Proteins have been studied structurally for a long time. Thousands of high-quality protein structures were already available in the Protein Data Bank. Protein sequences also carry rich evolutionary information: if two residues change together across evolution, they may physically interact in the folded protein. AlphaFold and related tools learned from these patterns at massive scale.
RNA does not offer the same easy path.
There are far fewer experimentally solved RNA structures than protein structures. Many RNAs are small, flexible, chemically sensitive, and structurally heterogeneous. RNA often depends on magnesium ions, cellular proteins, modifications, ligand binding, and environmental conditions to fold correctly. A sequence may not point to one stable structure. It may point to a shifting ensemble.

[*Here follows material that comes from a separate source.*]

(* Let $P$ be a graded poset and $\sim$ a Reiner–Stamate equivalence relation on $\operatorname{Int}(P)$. Then the projection functor $\pi:P\to P/\sim$, $a\mapsto[a]$, $f\mapsto[f]$, is an almost discrete fibration such that every morphism of $P/\sim$ has a lift in $P$.
   Context: A graded poset has a rank function $\rho$ with $\rho(b)=\rho(a)+1$ when $b$ covers $a$; it is regarded as a category with a unique morphism $a\to b$ iff $a\le b$. $\operatorname{Int}(P)$ is the set of closed intervals $[a,b]$, $a\le b$, identified with the morphisms $a\le b$. An equivalence relation $\sim$ on $\operatorname{Int}(P)$ is Reiner–Stamate if: (A1) $[a,b]\sim[a',b']$ and $[b,c]\sim[b',c']$ imply $[a,c]\sim[a',c']$; (A2) with $\mathrm{int}_{[a,b]}:[a,b]\to(\operatorname{Int}(P)/\sim)^2$, $c\mapsto(\widetilde{[a,c]},\widetilde{[c,b]})$, whenever $[a,b]\sim[a',b']$ there is a unique map $\tau:[a,b]\to[a',b']$ with $\mathrm{int}_{[a',b']}\circ\tau=\mathrm{int}_{[a,b]}$; (A4) writing $x\sim y$ for $[x,x]\sim[y,y]$, if $a\le b_1$, $b_2\le c$, $b_1\sim b_2$, there exist $a'\le b'\le c'$ with $[a,b_1]\sim[a',b']$ and $[b_2,c]\sim[b',c']$. The quotient category $P/\sim$ has objects the classes $[a]$ of elements of $P$ under $x\sim y$, morphisms the classes $[a\le b]$ of intervals, and composition $[b_2\le c]\circ[a\le b_1]=[a'\le c']$ for $a'\le b'\le c'$ as in (A4); it is an indiscretely based category. A factorization $q=g_0\circ\cdots\circ g_{n+1}$ ($n\ge0$) is nontrivial if no $g_i$ is an isomorphism. A functor $F:\mathcal C\to\mathcal D$ is an almost discrete fibration if for every morphism $q$ of $\mathcal D$, every $p$ with $F(p)=q$ and every nontrivial factorization $q=g_0\circ\cdots\circ g_{n+1}$ there is a nontrivial factorization $p=f_0\circ\cdots\circ f_{n+1}$ with $F(f_i)=g_i$, unique up to $(f_i)\sim(f'_i)$ iff there are isomorphisms $h_0,\dots,h_n$ with $f'_0=f_0\circ h_0$, $f'_i=h_{i-1}^{-1}\circ f_i\circ h_i$ ($1\le i\le n$), $f'_{n+1}=h_n^{-1}\circ f_{n+1}$. *)

theory Defs
  imports Main "HOL-Library.FuncSet"
begin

That makes RNA a much harder target for machine learning.
A protein often behaves like a molecule trying to reach a stable folded state.
RNA often behaves like a molecule negotiating among several states.
RNA’s Flexibility Is the Problem — and the Biology
The biggest mistake is to think RNA structure prediction is simply protein structure prediction with different building blocks.
RNA has its own grammar.
It has only four standard bases, but those bases can form canonical and noncanonical interactions. Its phosphate backbone is highly charged. Its folding can depend strongly on ions. It can form alternative secondary structures. It can switch conformations when binding a metabolite or protein. It can expose or hide regulatory regions depending on context.
This is not just a computational nuisance.
RNA flexibility is often exactly how RNA works.
A riboswitch must change shape to regulate gene expression. A viral RNA may remodel itself during infection. A guide RNA must fold into a form compatible with its protein partner. An mRNA may contain structural elements that affect translation, degradation, or immune recognition.
So the goal is not always to predict one “correct” RNA structure.
The goal may be to predict a population of possible structures, then understand which one matters under a specific biological condition.
That is much harder.
AlphaFold 3 Helps, But It Does Not End the RNA Problem
AlphaFold 3 expanded the modeling landscape by predicting biomolecular complexes involving proteins, DNA, RNA, small molecules, ions, and modified residues. That is a major advance because biology rarely happens molecule by molecule in isolation. Cells are crowded with interacting systems.
But RNA structure prediction is still not solved.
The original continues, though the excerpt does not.